Neil Staebler, the 95-year-old architect of the proudly liberal Michigan Democratic Party of the 1950s and 1960s, would be stunned to hear hisses by party activists because the dreaded L-word was pasted on their candidate. While launching heavy populist attacks on corporate business, Democrats are careful to cultivate a non-liberal image in a battleground state that may determine who is elected president and possibly which party controls the Senate.
This is not your father's Michigan, where in the '50s and '60s the labor-Democratic machine dominated and only Republican liberals like George Romney and William Milliken could slip into office. In the '80s, Spence Abraham (then the youthful Republican chairman) and State Senate Republican Leader John Engler (now a third-term governor) built a new GOP that elects conservative candidates by breaking into labor's rank-and-file. Today, Abraham is clearly ahead of Stabenow, and George W. Bush is running no worse than even against Al Gore in the state.
With first-termer Abraham a prime Democratic target this year, he and ace Republican operative Mike Murphy quickly took the offensive. Their television ads effectively trashed the prescription drug subsidy that is supposed to be the centerpiece of all Democratic campaigns this year. More important, they branded Stabenow as a liberal (with a "Liberal Debbie" Web site listing big government votes during her long service in the Michigan Legislature).
Appalled at the very idea of so labeling Stabenow, Democratic leaders call her a "moderate" who might well be a member of the centrist Blue Dogs in Congress (actually, she isn't). Her supposed moderation is based on her support for business and agriculture special interests. But ratings on her House votes don't lie: 95 percent by the liberal Americans for Democratic Action; 81 percent by the League of Conservation Voters; 4 percent by the American Conservative Union; 13 percent by the Christian Coalition.
Moreover, chances for Stabenow (as well as Gore in Michigan) depend on organized labor's muscle. "I've never seen so much energy (by unions)," State Democratic Chairman Mark Brewer told me. So far, union political action committees have given $318,850 to Stabenow (the third highest contribution to any Senate candidate this year) according to the Center for Responsive Politics.
But it's not like the good old days of Neil Staebler and the United Auto Workers (UAW). When Gov. Bush visited the General Motors truck factory in Pontiac recently, workers on the production line treated him like a rock star while grim-faced UAW shop stewards stood by. Internal Republican polls show half of the state's male union members supporting Bush.
The labor union contract making Election Day a holiday for all auto workers worries Republican leaders. Gov. Engler calls it "the (automotive) industry's biggest contribution in kind to the Democrats." But nobody can be sure what the UAW members actually will do Nov 7. Might some just take a four-day hunting weekend? Or might some possibly vote for Bush and Abraham?

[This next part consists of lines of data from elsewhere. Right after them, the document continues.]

(* Let $X$ be a finite set with $n$ elements. For all functions $f,g:X\to X$, \[\deg(f\circ g)\leq\sqrt{n}\,\sqrt{\deg(f)}\,\deg(g).\] Furthermore, equality holds if and only if $f$ is a constant function and $g$ is a bijection.
   Context: For finite sets $X,Y$ and a function $f:X\to Y$, the degree of $f$ is $\deg(f)=\frac{1}{|X|}\sum_{y\in Y}|f^{-1}(y)|^2$. *)

theory Defs
  imports Complex_Main "HOL-Library.FuncSet"
begin

definition deg :: "'a set \<Rightarrow> 'b set \<Rightarrow> ('a \<Rightarrow> 'b) \<Rightarrow> real" where
  "deg X Y f = (\<Sum>y\<in>Y. (real (card {x\<in>X. f x = y}))^2) / real (card X)"

end

(* Write a(y) and b(z) for the fibre sizes of g and f.  The fibre of f \<circ> g over z has size
   the sum of a over the fibre of f over z, so Cauchy-Schwarz on each fibre of f gives
   \<Sum>z |(f \<circ> g)\<^sup>-1 z|\<^sup>2 \<le> \<Sum>y a(y)\<^sup>2 b(f y), and b(f y) \<le> sqrt (\<Sum>z b(z)\<^sup>2) = sqrt (n deg f).
   Equality forces b(f y) = sqrt (\<Sum>z b(z)\<^sup>2) for some y, so f has a single nonempty fibre;
   then deg f = deg (f \<circ> g) = n, and equality reduces to deg g = 1, which for fibre sizes
   a(y) \<in> \<nat> with \<Sum>y a(y) = n means a(y) \<le> 1, i.e. g is injective. *)

theory Submission
  imports Defs "HOL-Analysis.Convex" "HOL-Analysis.L2_Norm"
begin

abbreviation fibre_card :: "'a set \<Rightarrow> ('a \<Rightarrow> 'b) \<Rightarrow> 'b \<Rightarrow> nat" where
  "fibre_card X h y \<equiv> card {x\<in>X. h x = y}"

lemma sum_fibre_card_eq_card_vimage:
  assumes "finite X" and "finite S"
  shows "(\<Sum>y\<in>S. fibre_card X h y) = card {x\<in>X. h x \<in> S}"
proof -
  have "(\<Sum>y\<in>S. fibre_card X h y) = (\<Sum>y\<in>S. \<Sum>x\<in>{x\<in>{x\<in>X. h x \<in> S}. h x = y}. 1)"
    by (intro sum.cong) (auto intro: arg_cong[where f = card])
  also have "\<dots> = card {x\<in>X. h x \<in> S}"
    using assms by (subst sum.group) auto
  finally show ?thesis .
qed

lemma sum_fibre_card:
  assumes "finite X" and "finite Y" and "h \<in> X \<rightarrow> Y"
  shows "(\<Sum>y\<in>Y. fibre_card X h y) = card X"
proof -
  have "{x\<in>X. h x \<in> Y} = X"
    using assms(3) by auto
  then show ?thesis
    using assms(1,2) by (simp add: sum_fibre_card_eq_card_vimage)
qed

lemma fibre_card_comp:
  assumes "finite X" and "finite Y" and "g \<in> X \<rightarrow> Y"
  shows "fibre_card X (f \<circ> g) z = (\<Sum>y\<in>{y\<in>Y. f y = z}. fibre_card X g y)"
  using assms by (subst sum_fibre_card_eq_card_vimage) (auto intro: arg_cong[where f = card])

lemma inj_on_iff_fibre_card_le_1:
  assumes "finite X" and "h \<in> X \<rightarrow> Y"
  shows "inj_on h X \<longleftrightarrow> (\<forall>y\<in>Y. fibre_card X h y \<le> 1)"
proof
  assume "inj_on h X"
  then show "\<forall>y\<in>Y. fibre_card X h y \<le> 1"
    using assms(1) by (auto simp: card_le_Suc0_iff_eq inj_on_def)
next
  assume le_1: "\<forall>y\<in>Y. fibre_card X h y \<le> 1"
  show "inj_on h X"
  proof (rule inj_onI)
    fix x x' assume "x \<in> X" "x' \<in> X" "h x = h x'"
    then have "x \<in> {u\<in>X. h u = h x}" "x' \<in> {u\<in>X. h u = h x}" and "h x \<in> Y"
      using assms(2) by auto
    with le_1 show "x = x'"
      using assms(1) by (auto simp: card_le_Suc0_iff_eq)
  qed
qed

lemma sum_power2_eq_sum_iff_le_1:
  fixes m :: "'a \<Rightarrow> nat"
  assumes "finite A"
  shows "(\<Sum>a\<in>A. (m a)\<^sup>2) = (\<Sum>a\<in>A. m a) \<longleftrightarrow> (\<forall>a\<in>A. m a \<le> 1)"
proof
  assume eq: "(\<Sum>a\<in>A. (m a)\<^sup>2) = (\<Sum>a\<in>A. m a)"
  show "\<forall>a\<in>A. m a \<le> 1"
  proof (rule ccontr)
    assume "\<not> (\<forall>a\<in>A. m a \<le> 1)"
    then have "\<exists>a\<in>A. m a < (m a)\<^sup>2"
      by (force simp: power2_eq_square)
    then have "(\<Sum>a\<in>A. m a) < (\<Sum>a\<in>A. (m a)\<^sup>2)"
      using assms by (intro sum_strict_mono_ex1) (auto simp: power2_eq_square)
    with eq show False by simp
  qed
next
  assume "\<forall>a\<in>A. m a \<le> 1"
  then have "(m a)\<^sup>2 = m a" if "a \<in> A" for a
    using that by (cases "m a") (auto simp: power2_eq_square)
  then show "(\<Sum>a\<in>A. (m a)\<^sup>2) = (\<Sum>a\<in>A. m a)"
    by (rule sum.cong[OF refl])
qed

lemma deg_eq_1_iff_inj_on:
  assumes "finite X" and "X \<noteq> {}" and "finite Y" and "h \<in> X \<rightarrow> Y"
  shows "deg X Y h = 1 \<longleftrightarrow> inj_on h X"
proof -
  have "card X > 0" using assms(1,2) by auto
  then have "deg X Y h = 1 \<longleftrightarrow> (\<Sum>y\<in>Y. (fibre_card X h y)\<^sup>2) = (\<Sum>y\<in>Y. fibre_card X h y)"
    unfolding deg_def sum_fibre_card[OF assms(1,3,4)]
    by (auto simp flip: of_nat_power of_nat_sum)
  also have "\<dots> \<longleftrightarrow> inj_on h X"
    using assms by (simp add: sum_power2_eq_sum_iff_le_1 inj_on_iff_fibre_card_le_1)
  finally show ?thesis .
qed

lemma deg_const:
  assumes "finite Y" and "c \<in> Y" and "\<forall>x\<in>X. h x = c"
  shows "deg X Y h = card X"
proof -
  have "{x\<in>X. h x = y} = (if y = c then X else {})" for y
    using assms(3) by auto
  then have fibre: "(real (fibre_card X h y))\<^sup>2 = (if y = c then (real (card X))\<^sup>2 else 0)" for y
    by simp
  show ?thesis
    unfolding deg_def fibre using assms(1,2) by (simp add: power2_eq_square)
qed

lemma sqrt_card_mult_sqrt_deg:
  fixes f :: "'a \<Rightarrow> 'b"
  assumes "finite Y"
  shows "sqrt (card Y) * sqrt (deg Y Z f) = sqrt (\<Sum>z\<in>Z. (real (fibre_card Y f z))\<^sup>2)"
proof (cases "Y = {}")
  case False
  with assms have "card Y > 0" by auto
  then show ?thesis
    by (simp add: deg_def real_sqrt_divide)
qed simp

lemma sqrt_sum_power2_eq_imp_eq_0:
  fixes u :: "'a \<Rightarrow> real"
  assumes "finite A" and "a \<in> A" and "u a = sqrt (\<Sum>x\<in>A. (u x)\<^sup>2)"
    and "x \<in> A" and "x \<noteq> a"
  shows "u x = 0"
proof -
  have "(u a)\<^sup>2 = (\<Sum>x\<in>A. (u x)\<^sup>2)"
    using assms(3) by (simp add: sum_nonneg)
  also have "\<dots> = (u a)\<^sup>2 + (\<Sum>x\<in>A - {a}. (u x)\<^sup>2)"
    using assms(1,2) by (simp add: sum.remove)
  finally have "(\<Sum>x\<in>A - {a}. (u x)\<^sup>2) = 0" by simp
  then show ?thesis
    using assms(1,4,5) by (simp add: sum_nonneg_eq_0_iff)
qed

lemma sum_power2_fibre_card_comp_le:
  assumes "finite X" and "finite Y" and "finite Z" and "g \<in> X \<rightarrow> Y" and "f \<in> Y \<rightarrow> Z"
  shows "(\<Sum>z\<in>Z. (real (fibre_card X (f \<circ> g) z))\<^sup>2)
    \<le> (\<Sum>y\<in>Y. (real (fibre_card X g y))\<^sup>2 * fibre_card Y f (f y))"
proof -
  have "(real (fibre_card X (f \<circ> g) z))\<^sup>2
      \<le> (\<Sum>y\<in>{y\<in>Y. f y = z}. (real (fibre_card X g y))\<^sup>2 * fibre_card Y f (f y))" for z
  proof -
    have "(real (fibre_card X (f \<circ> g) z))\<^sup>2 = (\<Sum>y\<in>{y\<in>Y. f y = z}. real (fibre_card X g y))\<^sup>2"
      unfolding fibre_card_comp[OF assms(1,2,4)] by simp
    also have "\<dots> \<le> (\<Sum>y\<in>{y\<in>Y. f y = z}. (real (fibre_card X g y))\<^sup>2) * fibre_card Y f z"
      by (rule sum_squared_le_sum_of_squares)
    also have "\<dots> = (\<Sum>y\<in>{y\<in>Y. f y = z}. (real (fibre_card X g y))\<^sup>2 * fibre_card Y f (f y))"
      by (simp add: sum_distrib_right)
    finally show ?thesis .
  qed
  then have "(\<Sum>z\<in>Z. (real (fibre_card X (f \<circ> g) z))\<^sup>2)
      \<le> (\<Sum>z\<in>Z. \<Sum>y\<in>{y\<in>Y. f y = z}. (real (fibre_card X g y))\<^sup>2 * fibre_card Y f (f y))"
    by (rule sum_mono)
  also have "\<dots> = (\<Sum>y\<in>Y. (real (fibre_card X g y))\<^sup>2 * fibre_card Y f (f y))"
    using assms by (intro sum.group) auto
  finally show ?thesis .
qed

lemma sum_power2_fibre_card_comp_le_sqrt:
  assumes "finite X" and "finite Y" and "finite Z" and "g \<in> X \<rightarrow> Y" and "f \<in> Y \<rightarrow> Z"
  shows "(\<Sum>z\<in>Z. (real (fibre_card X (f \<circ> g) z))\<^sup>2)
    \<le> sqrt (\<Sum>z\<in>Z. (real (fibre_card Y f z))\<^sup>2) * (\<Sum>y\<in>Y. (real (fibre_card X g y))\<^sup>2)"
proof -
  have "(\<Sum>z\<in>Z. (real (fibre_card X (f \<circ> g) z))\<^sup>2)
      \<le> (\<Sum>y\<in>Y. (real (fibre_card X g y))\<^sup>2 * fibre_card Y f (f y))"
    using assms by (rule sum_power2_fibre_card_comp_le)
  also have "\<dots> \<le> (\<Sum>y\<in>Y. (real (fibre_card X g y))\<^sup>2 * sqrt (\<Sum>z\<in>Z. (real (fibre_card Y f z))\<^sup>2))"
    using assms(3,5) by (intro sum_mono mult_left_mono member_le_L2_set[unfolded L2_set_def]) auto
  also have "\<dots> = sqrt (\<Sum>z\<in>Z. (real (fibre_card Y f z))\<^sup>2) * (\<Sum>y\<in>Y. (real (fibre_card X g y))\<^sup>2)"
    by (simp add: sum_distrib_right mult.commute)
  finally show ?thesis .
qed

lemma sum_power2_fibre_card_comp_eq_sqrt_imp_const:
  assumes "finite X" and "finite Y" and "finite Z" and "g \<in> X \<rightarrow> Y" and "f \<in> Y \<rightarrow> Z"
    and "X \<noteq> {}"
    and eq: "(\<Sum>z\<in>Z. (real (fibre_card X (f \<circ> g) z))\<^sup>2)
      = sqrt (\<Sum>z\<in>Z. (real (fibre_card Y f z))\<^sup>2) * (\<Sum>y\<in>Y. (real (fibre_card X g y))\<^sup>2)"
  shows "\<exists>c. \<forall>y\<in>Y. f y = c"
proof -
  define B where "B = sqrt (\<Sum>z\<in>Z. (real (fibre_card Y f z))\<^sup>2)"
  obtain x0 where "x0 \<in> X" using assms(6) by blast
  define y0 where "y0 = g x0"
  have y0: "y0 \<in> Y" "f y0 \<in> Z"
    using \<open>x0 \<in> X\<close> assms(4,5) by (auto simp: y0_def)
  have "fibre_card X g y0 > 0"
    using assms(1) \<open>x0 \<in> X\<close> by (auto simp: y0_def card_gt_0_iff)
  have "fibre_card Y f (f y0) = B"
  proof (rule ccontr)
    assume "fibre_card Y f (f y0) \<noteq> B"
    then have "fibre_card Y f (f y0) < B"
      using member_le_L2_set[unfolded L2_set_def, OF assms(3) y0(2), of "\<lambda>z. real (fibre_card Y f z)"]
      by (simp add: B_def)
    then have "(\<Sum>y\<in>Y. (real (fibre_card X g y))\<^sup>2 * fibre_card Y f (f y))
        < (\<Sum>y\<in>Y. (real (fibre_card X g y))\<^sup>2 * B)"
      using assms(2,3,5) y0(1) \<open>fibre_card X g y0 > 0\<close> unfolding B_def
      by (intro sum_strict_mono_ex1 ballI bexI[of _ y0] mult_left_mono mult_strict_left_mono
          member_le_L2_set[unfolded L2_set_def]) auto
    also have "\<dots> = B * (\<Sum>y\<in>Y. (real (fibre_card X g y))\<^sup>2)"
      by (simp add: sum_distrib_left mult.commute)
    finally show False
      using sum_power2_fibre_card_comp_le[OF assms(1-5)] eq by (simp add: B_def)
  qed
  have "f y = f y0" if "y \<in> Y" for y
  proof (rule ccontr)
    assume "f y \<noteq> f y0"
    moreover have "f y \<in> Z"
      using that assms(5) by auto
    ultimately have "real (fibre_card Y f (f y)) = 0"
      using \<open>fibre_card Y f (f y0) = B\<close> unfolding B_def
      by (intro sqrt_sum_power2_eq_imp_eq_0[OF assms(3) y0(2), where u = "\<lambda>z. real (fibre_card Y f z)"])
    with that assms(2) show False by auto
  qed
  then show ?thesis by blast
qed

lemma deg_comp_le:
  assumes "finite X" and "finite Y" and "finite Z" and "g \<in> X \<rightarrow> Y" and "f \<in> Y \<rightarrow> Z"
  shows "deg X Z (f \<circ> g) \<le> sqrt (card Y) * sqrt (deg Y Z f) * deg X Y g"
  using sum_power2_fibre_card_comp_le_sqrt[OF assms]
  unfolding sqrt_card_mult_sqrt_deg[OF assms(2)] by (simp add: deg_def divide_right_mono)

lemma deg_comp_eq_imp_const:
  assumes "finite X" and "finite Y" and "finite Z" and "g \<in> X \<rightarrow> Y" and "f \<in> Y \<rightarrow> Z"
    and "X \<noteq> {}"
    and "deg X Z (f \<circ> g) = sqrt (card Y) * sqrt (deg Y Z f) * deg X Y g"
  shows "\<exists>c. \<forall>y\<in>Y. f y = c"
proof (rule sum_power2_fibre_card_comp_eq_sqrt_imp_const[OF assms(1-6)])
  have "card X > 0" using assms(1,6) by auto
  with assms(7) show "(\<Sum>z\<in>Z. (real (fibre_card X (f \<circ> g) z))\<^sup>2)
      = sqrt (\<Sum>z\<in>Z. (real (fibre_card Y f z))\<^sup>2) * (\<Sum>y\<in>Y. (real (fibre_card X g y))\<^sup>2)"
    unfolding sqrt_card_mult_sqrt_deg[OF assms(2)] by (simp add: deg_def)
qed

theorem mainTheorem2:
  fixes X :: "'a set" and f g :: "'a \<Rightarrow> 'a" and n :: nat
  assumes "finite X" and "X \<noteq> {}" and "card X = n"
    and "f \<in> X \<rightarrow> X" and "g \<in> X \<rightarrow> X"
  shows "deg X X (f \<circ> g) \<le> sqrt (real n) * sqrt (deg X X f) * deg X X g
    \<and> (deg X X (f \<circ> g) = sqrt (real n) * sqrt (deg X X f) * deg X X g
           \<longleftrightarrow> (\<exists>c. \<forall>x\<in>X. f x = c) \<and> bij_betw g X X)"
proof -
  have "real n > 0"
    using assms(1-3) by auto
  have eq_iff_deg_1: "deg X X (f \<circ> g) = sqrt (real n) * sqrt (deg X X f) * deg X X g
      \<longleftrightarrow> deg X X g = 1" if "\<forall>x\<in>X. f x = c" for c
  proof -
    have "c \<in> X"
      using that assms(2,4) by auto
    then have "deg X X f = n" and "deg X X (f \<circ> g) = n"
      using that assms(3,5) by (auto intro!: deg_const[OF assms(1)])
    with \<open>real n > 0\<close> show ?thesis
      by simp
  qed
  have "bij_betw g X X \<longleftrightarrow> deg X X g = 1"
    using deg_eq_1_iff_inj_on[OF assms(1,2,1,5)] endo_inj_surj[OF assms(1)] assms(5)
    by (auto simp: bij_betw_def)
  then show ?thesis
    using deg_comp_le[OF assms(1,1,1,5,4)] deg_comp_eq_imp_const[OF assms(1,1,1,5,4,2)]
      eq_iff_deg_1 assms(3) by blast
qed

end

The real power here today may not be in the hands of labor leaders but in rank-and-file voters who oppose abortion: estimated at a surprisingly high 600,000 out of 4.1 million. Bush and Abraham are pro-life, Gore and Stabenow are pro-choice. Nevertheless, many anti-abortion voters are suspicious of Bush, particularly his vagueness about the RU-486 pill. "If we get out the right-to-life vote, we win," Republican State Chairman Rusty Hills told me.
The final irony is that for Michigan to go Democratic, it may need the intervention of a politician who old-time liberals like Neil Staebler would have viewed with some suspicion: Bill Clinton. The president is idolized by African-Americans here, and leaders of both parties in the state recall with awe his spell-binding performance last April 30 before 10,000 at the NAACP dinner in Detroit. Democratic leaders here want Clinton to come back, generate enthusiasm by blacks, and thus save Michigan.